Удар, один-другой, порой гладко снимающий голову с плеч. Другим разом — разрубающий шею, плечо и режущий вслепую. Оглушительный вопль, стон умирающих, падающие тела и трупы на Рябом поле, покрытом пятнами крови.

Люди из королевской хоругви, затяжные либо сражавшиеся среди земляков сварны, лузины и савры, по рыцарскому обычаю припадали на одно колено, втыкая мечи в землю. Этих щадили — хунгуры погнали их по полю, меж трупами, свистя над головами нагайками и подталкивая тех, кто едва волокся или не мог идти.

— Устуди, гараун!

— Устуди!

— Ук! Ук!

Их загнали на холм, под жесткое знамя, неподалеку от огромного дерева, которое тянули с дюжину связанных возов и которое возносило свои кривые, гнутые ветви к небу.

И тогда начали убивать, вырезать безоружных. Сперва хватали, выволакивали из толпы, бросали на колени у стоп владыки и его рабов.

— Служи кагану после смерти! — неслось в равнодушные небеса. После каждого вскрика, каждого пожелания — удар, тихий свист, крик, хрип, конец жизни, край существования.
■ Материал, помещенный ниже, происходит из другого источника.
(* Suppose that $X\subset U\subset\mathbb{R}^n$, where $U$ is open and $X$ is the closure in $U$ of its interior. Then $\tau^p(X)=X\times\mathcal{P}_p^*$ for all $p\in\mathbb{N}$.
   Context: $\mathcal{P}_p$: real polynomials on $\mathbb{R}^n$ of degree $\le p$; $\mathcal{P}_p^*$ its dual; $r=\dim\mathcal{P}_p$. For $\xi\in\mathcal{P}_p^*$, $b\in\mathbb{R}^n$, $|\alpha|\le p$: $\xi_\alpha(b):=\xi(\tfrac1{\alpha!}(x-b)^\alpha)$; $\delta_a(P)=P(a)$. A bundle over $X$ with fibres in $W$ is a subset of $X\times W$ whose fibres are linear subspaces. For a bundle $E\subset X\times\mathcal{P}_p^*$: $\Delta E=\{(a,b,\xi+\eta):a,b\in X,\xi\in E_a,\eta\in E_b,|a-b|^{p-|\alpha|}|\eta_\alpha(b)|\le1\ \forall|\alpha|\le p\}$, $E'=\{(a,\xi):(a,a,\xi)\in\overline{\Delta E}\}$ (closure in $X\times X\times\mathcal{P}_p^*$), $\rho(E)=\{(a,\xi):\xi\in\operatorname{Span}E'_a\}$. With $E_0=\{(a,\lambda\delta_a):a\in X,\lambda\in\mathbb{R}\}$, the bundles $\rho^i(E_0)$ coincide for $i\ge2r$, and $\tau^p(X):=\rho^{2r}(E_0)$. *)

theory Defs
  imports "HOL-Analysis.Analysis"
begin

text \<open>An element of the dual P_p^* is represented
by a functional on functions real^'n \<Rightarrow> real that is linear on P_p and
vanishes (canonically) outside P_p.\<close>

definition mabs :: "('n::finite \<Rightarrow> nat) \<Rightarrow> nat" where
  "mabs \<alpha> = (\<Sum>i\<in>UNIV. \<alpha> i)"

definition mfact :: "('n::finite \<Rightarrow> nat) \<Rightarrow> real" where
  "mfact \<alpha> = (\<Prod>i\<in>UNIV. fact (\<alpha> i))"

definition mpow :: "real^'n::finite \<Rightarrow> ('n \<Rightarrow> nat) \<Rightarrow> real" where
  "mpow x \<alpha> = (\<Prod>i\<in>UNIV. (x $ i) ^ (\<alpha> i))"

definition mindex :: "nat \<Rightarrow> ('n::finite \<Rightarrow> nat) set" where
  "mindex p = {\<alpha>. mabs \<alpha> \<le> p}"

definition Poly :: "nat \<Rightarrow> (real^'n::finite \<Rightarrow> real) set" where
  "Poly p = {P. \<exists>c. P = (\<lambda>x. \<Sum>\<alpha>\<in>mindex p. c \<alpha> * mpow x \<alpha>)}"

definition Pdual :: "nat \<Rightarrow> ((real^'n::finite \<Rightarrow> real) \<Rightarrow> real) set" where
  "Pdual p = {\<xi>. (\<forall>P\<in>Poly p. \<forall>Q\<in>Poly p. \<xi> (\<lambda>x. P x + Q x) = \<xi> P + \<xi> Q)
                 \<and> (\<forall>P\<in>Poly p. \<forall>c. \<xi> (\<lambda>x. c * P x) = c * \<xi> P)
                 \<and> (\<forall>f. f \<notin> Poly p \<longrightarrow> \<xi> f = 0)}"

definition rdim :: "nat \<Rightarrow> 'n::finite itself \<Rightarrow> nat" where
  "rdim p _ = card (mindex p :: ('n \<Rightarrow> nat) set)"

definition xi_at :: "((real^'n::finite \<Rightarrow> real) \<Rightarrow> real) \<Rightarrow> ('n \<Rightarrow> nat) \<Rightarrow> real^'n \<Rightarrow> real" where
  "xi_at \<xi> \<alpha> b = \<xi> (\<lambda>x. mpow (x - b) \<alpha> / mfact \<alpha>)"

definition delta :: "nat \<Rightarrow> real^'n::finite \<Rightarrow> (real^'n \<Rightarrow> real) \<Rightarrow> real" where
  "delta p a = (\<lambda>P. if P \<in> Poly p then P a else 0)"

definition fsum :: "((real^'n::finite \<Rightarrow> real) \<Rightarrow> real) \<Rightarrow> ((real^'n \<Rightarrow> real) \<Rightarrow> real) \<Rightarrow> (real^'n \<Rightarrow> real) \<Rightarrow> real" where
  "fsum \<xi> \<eta> = (\<lambda>f. \<xi> f + \<eta> f)"

definition fspan :: "((real^'n::finite \<Rightarrow> real) \<Rightarrow> real) set \<Rightarrow> ((real^'n \<Rightarrow> real) \<Rightarrow> real) set" where
  "fspan S = {v. \<exists>F c. finite F \<and> F \<subseteq> S \<and> v = (\<lambda>f. \<Sum>\<eta>\<in>F. c \<eta> * \<eta> f)}"

definition DeltaB :: "nat \<Rightarrow> (real^'n::finite) set \<Rightarrow> ((real^'n) \<times> ((real^'n \<Rightarrow> real) \<Rightarrow> real)) set
    \<Rightarrow> ((real^'n) \<times> (real^'n) \<times> ((real^'n \<Rightarrow> real) \<Rightarrow> real)) set" where
  "DeltaB p X E = {(a, b, \<zeta>). a \<in> X \<and> b \<in> X \<and> (\<exists>\<xi> \<eta>. (a, \<xi>) \<in> E \<and> (b, \<eta>) \<in> E \<and> \<zeta> = fsum \<xi> \<eta> \<and>
      (\<forall>\<alpha>\<in>mindex p. dist a b ^ (p - mabs \<alpha>) * \<bar>xi_at \<eta> \<alpha> b\<bar> \<le> 1))}"

text \<open>The closure is taken in X \<times> X \<times> P_p^*, i.e. the closure in the
ambient space (product topology; on P_p^* the topology of pointwise convergence
on P_p, which is the usual topology of the finite-dimensional space) intersected
with X \<times> X \<times> P_p^*.\<close>
definition Eprime :: "nat \<Rightarrow> (real^'n::finite) set \<Rightarrow> ((real^'n) \<times> ((real^'n \<Rightarrow> real) \<Rightarrow> real)) set
    \<Rightarrow> ((real^'n) \<times> ((real^'n \<Rightarrow> real) \<Rightarrow> real)) set" where
  "Eprime p X E = {(a, \<xi>). a \<in> X \<and> \<xi> \<in> Pdual p \<and> (a, a, \<xi>) \<in> closure (DeltaB p X E)}"

definition rho :: "nat \<Rightarrow> (real^'n::finite) set \<Rightarrow> ((real^'n) \<times> ((real^'n \<Rightarrow> real) \<Rightarrow> real)) set
    \<Rightarrow> ((real^'n) \<times> ((real^'n \<Rightarrow> real) \<Rightarrow> real)) set" where
  "rho p X E = {(a, \<xi>). a \<in> X \<and> \<xi> \<in> fspan {\<eta>. (a, \<eta>) \<in> Eprime p X E}}"

definition E0 :: "nat \<Rightarrow> (real^'n::finite) set \<Rightarrow> ((real^'n) \<times> ((real^'n \<Rightarrow> real) \<Rightarrow> real)) set" where
  "E0 p X = {(a, \<xi>). a \<in> X \<and> (\<exists>t::real. \<xi> = (\<lambda>P. t * delta p a P))}"

definition tau :: "nat \<Rightarrow> (real^'n::finite) set \<Rightarrow> ((real^'n) \<times> ((real^'n \<Rightarrow> real) \<Rightarrow> real)) set" where
  "tau p X = (rho p X ^^ (2 * rdim p TYPE('n))) (E0 p X)"

end

theory Submission
  imports Defs
begin

text \<open>
  Write \<open>\<epsilon>(b, \<beta>)\<close> for the functional \<open>P \<mapsto> \<partial>\<^sup>\<beta>P(b) / \<beta>!\<close>, dual to the monomials
  \<open>(x - b)\<^sup>\<gamma>\<close>. If the fibres of a bundle \<open>E\<close> contain \<open>\<epsilon>(b, \<beta>)\<close> at every interior point \<open>b\<close>,
  then at an interior point \<open>a\<close> the difference quotients
  \<open>(\<epsilon>(a + h e\<^sub>i, \<beta>) - \<epsilon>(a, \<beta>)) / (h (\<beta>\<^sub>i + 1))\<close> lie in \<open>\<Delta>E\<close> over \<open>(a, a + h e\<^sub>i)\<close> (the
  weight \<open>|a - b|^(p - |\<beta>|)\<close> absorbs the factor \<open>1/h\<close> because \<open>|\<beta>| < p\<close>) and converge to
  \<open>\<epsilon>(a, \<beta> + e\<^sub>i)\<close> as \<open>h \<rightarrow> 0\<close>. Hence \<open>p\<close> applications of \<open>\<rho>\<close> to \<open>E\<^sub>0\<close> put a basis of \<open>P\<^sub>p\<^sup>*\<close>
  into every fibre over the interior of \<open>X\<close>. One more application fills the fibres over the
  closure of the interior, which contains \<open>X\<close>, since there the diagonal points of \<open>\<Delta>E\<close>
  accumulate; after that the bundle is stable, and \<open>2r > p\<close>.
\<close>

section \<open>Multi-indices\<close>

lemma mindex_component_le: "\<alpha> \<in> mindex p \<Longrightarrow> \<alpha> i \<le> p"
  unfolding mindex_def mabs_def using member_le_sum[of i UNIV \<alpha>] by simp

lemma finite_mindex: "finite (mindex p :: ('n::finite \<Rightarrow> nat) set)"
proof (rule finite_subset)
  show "mindex p \<subseteq> PiE (UNIV :: 'n set) (\<lambda>_. {..p})"
    using mindex_component_le by (auto simp: PiE_def extensional_def)
qed (rule finite_PiE; simp)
— Есса-а-а! Есса! Есса! — начали кричать умирающие. Дергались, пытались сбежать, словно измотанные целым днем боя ноги быстрее хунгурской стали и копыт.
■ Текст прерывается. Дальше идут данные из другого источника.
lemma qz_split_step:
  fixes N j :: int
  assumes "qz (N-3+j) = w3 * rz (j-2) * qz (N-2-j) + rz (j-1) * qz (N-1-j)"
    and "qz (N-2+j) = rz j * qz (N-2-j) + w3 * rz (j-1) * qz (N-3-j)"
    and "qz (N-1+j) = rz j * qz (N-1-j) + w3^2 * rz (j-2) * qz (N-3-j)"
    and "0 \<le> j" "j + 1 \<le> N - 2"
  shows "qz (N-2+j) = w3 * rz (j-1) * qz (N-3-j) + rz j * qz (N-2-j)"
    and "qz (N-1+j) = rz (j+1) * qz (N-3-j) + w3 * rz j * qz (N-4-j)"
    and "qz (N+j) = rz (j+1) * qz (N-2-j) + w3^2 * rz (j-1) * qz (N-4-j)"
proof -
  have rec: "rz (j+1) = w2 * rz j + w3^2 * rz (j-2)"
    "qz (N-1-j) = w2 * qz (N-3-j) + w3 * qz (N-4-j)"
    "qz (N+j) = w2 * qz (N-2+j) + w3 * qz (N-3+j)"
    using rz_rec[of "j+1"] qz_rec[of "N-1-j"] qz_rec[of "N+j"] assms(4,5)
    by (simp_all add: algebra_simps)
  show "qz (N-2+j) = w3 * rz (j-1) * qz (N-3-j) + rz j * qz (N-2-j)"
    using assms(2) by (simp add: ac_simps)
  show "qz (N-1+j) = rz (j+1) * qz (N-3-j) + w3 * rz j * qz (N-4-j)"
    unfolding assms(3) rec(1,2) by (simp add: algebra_simps)
  show "qz (N+j) = rz (j+1) * qz (N-2-j) + w3^2 * rz (j-1) * qz (N-4-j)"
    unfolding rec(3,1) assms(1,2) unfolding rec(2) by (simp add: algebra_simps power2_eq_square)
qed

text \<open>Induction on \<open>j\<close>, running the recurrence of \<open>r\<close> forwards and that of \<open>q\<close> backwards;
  the vanishing of \<open>q (N-3)\<close> starts it.\<close>

lemma qz_split:
  fixes N j :: int
  assumes N: "qz (N - 3) = 0" and "0 \<le> j" "j \<le> N - 2"
  shows "qz (N-3+j) = w3 * rz (j-2) * qz (N-2-j) + rz (j-1) * qz (N-1-j)"
    and "qz (N-2+j) = rz j * qz (N-2-j) + w3 * rz (j-1) * qz (N-3-j)"
    and "qz (N-1+j) = rz j * qz (N-1-j) + w3^2 * rz (j-2) * qz (N-3-j)"
proof -
  have "j \<le> N - 2 \<longrightarrow>
      qz (N-3+j) = w3 * rz (j-2) * qz (N-2-j) + rz (j-1) * qz (N-1-j) \<and>
      qz (N-2+j) = rz j * qz (N-2-j) + w3 * rz (j-1) * qz (N-3-j) \<and>
      qz (N-1+j) = rz j * qz (N-1-j) + w3^2 * rz (j-2) * qz (N-3-j)"
    using \<open>0 \<le> j\<close>
  proof (induction j rule: int_ge_induct)
    case base
    show ?case using N by (simp add: rz_def)
  next
    case (step j)
    have idx: "N-3+(j+1) = N-2+j" "j+1-2 = j-1" "N-2-(j+1) = N-3-j" "j+1-1 = j"
      "N-1-(j+1) = N-2-j" "N-2+(j+1) = N-1+j" "N-3-(j+1) = N-4-j" "N-1+(j+1) = N+j"
      by simp_all
    show ?case
      unfolding idx using qz_split_step[of N j] step by simp
  qed
  with assms(3) show "qz (N-3+j) = w3 * rz (j-2) * qz (N-2-j) + rz (j-1) * qz (N-1-j)"
    and "qz (N-2+j) = rz j * qz (N-2-j) + w3 * rz (j-1) * qz (N-3-j)"
    and "qz (N-1+j) = rz j * qz (N-1-j) + w3^2 * rz (j-2) * qz (N-3-j)"
    by simp_all
qed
Крик «Есса» вырывался как стон и поднимался к небесам, так что воины в кафтанах и островерхих шапках начали дрожать и опускать поднятые для удара кривые мечи. Некоторые хватались за амулеты из костей, висевшие у них на бедрах на ремешках. Но командиры принялись лупить людей батогами, гнать на кровавую работу.

И те начали ударять иначе: сбоку или снизу. Рубили пленников по горлам, чтоб те не произносили имя короля-духа. Умирающие давились молитвой, их уста заливала кровь.

А головы падали одна за другой. Но не лежали у стоп кагана. Молодые хунгуры сразу хватали те за бороды и подрезанные, подбритые на висках волосы. Бежали, сколько было сил, к дереву и складывали головы у корней, опрыскивая кору, серую, будто шкура древнего чудовища, кровью. А останки несчастных заволакивали на ветви.

* * *

Пока свершался последний акт для лендичей и их союзников, неподалеку, под большим знаменем хунгуров, проходила церемония предательства и подданства, унижения в другом стиле; испытывались гибкость шей и легкость коленей, готовых сгибаться по любому кивку нового господина.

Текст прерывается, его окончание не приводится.